October 24, 2009
In yesterday’s China Daily, there is an article in the Opinion page about Yu Keping’s views on political reform in China. Yu is well known for his book, Democracy is a Good Thing, where he argues that democracy is the best system available, but that democracy in China will come about differently than in the West. The article spends most of its time though on Yu’s views on civil society and NGOs in particular.
Yu is bullish on China’s civil society and sees NGOs playing an important role in helping the government to maintain social stability by cooperating with the government in addressing social problems. In this regard, he sees NGOs playing a different role in China than they do in the West because they are being guided by parameters set by the government.

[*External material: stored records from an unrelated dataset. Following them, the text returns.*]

(*
  A solution u of the mass-conserving double-obstacle flow is Lipschitz because its velocity u'
  is essentially bounded. Where a component u_i sits on an obstacle (0 or 1) it is at an extremum
  of an absolutely continuous function, so by Lebesgue differentiation u'_i = 0 there for a.e. t.
  At the free vertices the obstacle multiplier vanishes, so eps u'_i is given by bounded terms
  (Delta u, u, the mean of u) minus the mean of the multiplier. Since u' has zero mass and
  vanishes on the obstacles, that mean is a weighted average of the bounded terms over the free
  vertices, hence bounded too.
*)

section \<open>Difference quotients of indefinite integrals\<close>

lemma AE_not_in_negligible: "negligible N \<Longrightarrow> AE t in lborel. t \<notin> N"
  by (metis AE_completion_iff AE_not_in negligible_iff_null_sets)

lemma integral_right_quotients_tendsto:
  fixes G :: "real \<Rightarrow> real"
  assumes "\<And>a b. G integrable_on {a..b}"
  obtains N where "negligible N"
    and "\<And>t. t \<notin> N \<Longrightarrow> ((\<lambda>\<delta>. integral {t..t + \<delta>} G / \<delta>) \<longlongrightarrow> G t) (at_right 0)"
proof -
  have "\<And>a b. G integrable_on cbox a b"
    using assms by simp
  then obtain N where "negligible N"
    and lim: "\<And>t e. t \<notin> N \<Longrightarrow> 0 < e \<Longrightarrow> \<exists>d>0. \<forall>h. 0 < h \<and> h < d \<longrightarrow>
               norm (integral (cbox t (t + h *\<^sub>R One)) G /\<^sub>R h ^ DIM(real) - G t) < e"
    by (rule integrable_ccontinuous_explicit) (rule that, assumption+)
  have "((\<lambda>\<delta>. integral {t..t + \<delta>} G / \<delta>) \<longlongrightarrow> G t) (at_right 0)" if "t \<notin> N" for t
    unfolding tendsto_iff eventually_at_right_field dist_real_def
  proof (intro allI impI)
    fix e :: real assume "0 < e"
    then obtain d where "d > 0" and "\<forall>h. 0 < h \<and> h < d \<longrightarrow>
               norm (integral (cbox t (t + h *\<^sub>R One)) G /\<^sub>R h ^ DIM(real) - G t) < e"
      using lim[OF \<open>t \<notin> N\<close> \<open>0 < e\<close>] by blast
    then have "\<forall>h. 0 < h \<and> h < d \<longrightarrow> \<bar>integral {t..t + h} G / h - G t\<bar> < e"
      by (simp add: divide_inverse_commute)
    with \<open>d > 0\<close> show "\<exists>b>0. \<forall>h>0. h < b \<longrightarrow> \<bar>integral {t..t + h} G / h - G t\<bar> < e"
      by blast
  qed
  with \<open>negligible N\<close> show ?thesis
    by (rule that)
qed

He calls China’s civil society an example of government-led civil society.
Yu’s views are similar to those voiced by some NGOs I have interviewed. These NGOs stress the importance of working together with the government. They see cooperation with the government, in particular basic-level governments at the district, street-committee and township levels, as the best way to expand their service provision, and thus their influence. Yet this view also raises the question of how to treat NGOs who do not want to cooperate with the government, who want to work on behalf of their own members rather than on behalf of the public interest? Some NGOs tend to look down on such “selfish” NGOs, but as Robert Putnam argues nonpolitical associations such as sports clubs can play an important role in promoting civic engagement and social trust, which Putnam sees as important preconditions for democratic consolidation. In stating that most Chinese NGOs are willing to cooperate with the government for the public interest, while “some act in self-interest or even harbor hidden agenda”, Yu seems to be implying that “selfish” NGOs do not have a place in China’s civil society.

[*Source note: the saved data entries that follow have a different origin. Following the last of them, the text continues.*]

lemma card_zero_free_twists_less:
  assumes p: "prime (k + 1)"
    and z: "z \<in> {1..k}" "int k + 1 dvd v z"
    and j: "j \<in> {1..k}" "\<not> int k + 1 dvd v j"
  shows "card (zero_free_twists k v) < k"
proof -
  obtain c where c: "c \<in> {1..k}" "twist k v c j = 0"
    using ex_twist_eq_0[of k j v] p j by blast
  then have "0 \<in> twist k v c ` {1..k}"
    using j(1) by (metis imageI)
  then have "zero_free_twists k v \<subseteq> {1..k} - {c}"
    using zero_free_twists_subset[of z k v] z by (auto simp: zero_free_twists_def)
  then have "card (zero_free_twists k v) \<le> card ({1..k} - {c})"
    by (intro card_mono) auto
  also have "\<dots> < k"
    using c(1) by simp
  finally show ?thesis .
qed

lemma N_coordinates:
  assumes "v \<in> N k"
  obtains z j where "z \<in> {1..k}" "int k + 1 dvd v z" "j \<in> {1..k}" "\<not> int k + 1 dvd v j"
proof -
  obtain z where "z \<in> {1..k}" "v z = 0"
    using assms by (auto simp: N_def)
  moreover obtain j where j: "j \<in> {1..k}" "v j \<noteq> 0"
    using assms by (auto simp: N_def)
  moreover have "v j \<in> {0..int k}"
    using assms j(1) by (auto simp: N_def vecs_def)
  ultimately show ?thesis
    using that zdvd_not_zless[of "v j" "int k + 1"] by auto
qed

theorem proposition4p1:
  fixes k :: nat and v :: "nat \<Rightarrow> int"
  assumes "k > 0" and "prime (k + 1)" and "odd (k + 1)"
    and "v \<in> N k"
  shows "\<exists>s\<in>units_mod k. \<exists>r\<in>units_mod k.
           \<forall>i\<in>{1..k}. (s * v i + r * int i) mod (int k + 1) \<in> {1..int k - 1}"
proof (rule ccontr)
  let ?witness = ?thesis
  assume no_witness: "\<not> ?witness"
  obtain z j where z: "z \<in> {1..k}" "int k + 1 dvd v z" and j: "j \<in> {1..k}" "\<not> int k + 1 dvd v j"
    using N_coordinates[OF \<open>v \<in> N k\<close>] .
  have "inj_on (twist k v c) {1..k}" if c: "c \<in> zero_free_twists k v" for c
  proof (rule ccontr)
    assume "\<not> inj_on (twist k v c) {1..k}"
    with c zero_free_twists_subset[of z k v] z have ?witness
      by (intro units_witness_of_not_inj_twist[OF \<open>prime (k + 1)\<close>])
        (auto simp: zero_free_twists_def)
    with no_witness show False ..
  qed
  then have "card (zero_free_twists k v) = k"
    using card_zero_free_twists[OF \<open>prime (k + 1)\<close>] \<open>odd (k + 1)\<close> by simp
  moreover have "card (zero_free_twists k v) < k"
    using card_zero_free_twists_less[OF \<open>prime (k + 1)\<close> z j] .
  ultimately show False
    by simp
qed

Yu’s notion of “government-led civil society” also caught my eye because it sounds similar to Michael Frolic’s concept of “state-led civil society” which he advanced in his 1997 book, Civil Society in China. Yu here seems to mean something different that Frolic who was talking about “social organizations and quasi-administrative units created by the state”. In other words, what we sometimes call government-organized NGOs (GONGOs). Yu, on the other hand, is referring to NGOs that aren’t necessarily created by the state, but cooperating with it. A civil society whose goals are one with the state.
I have some problems with both these terms. First of all, Frolic’s notion of a state-led civil society is outdated. While there are many so-called NGOs that have been created by the state, what Wang Ming of Tsinghua University calls “top-down” NGOs, there are also a rapidly growing number of “bottom-up” NGOs that are created independent of the state. Second, Yu’s “government-led” is a misnomer and denies agency to the NGOs that want to cooperate with the government. More and more, NGO cooperation with the state is taking place not because the government is telling NGOs to do so. It is doing so because of strategic planning by NGOs, many of them of the “bottom-up” variety, who see cooperation as beneficial for their own long-term interests.
I prefer the term “negotiated civil society” to “government-led civil society” because it views government-NGO cooperation as a two-way street, and acknowledges agency on both sides. Of course, the government is the more powerful player here, but it does not “lead” the NGO. Rather cooperation is the result of negotiations between the two sides.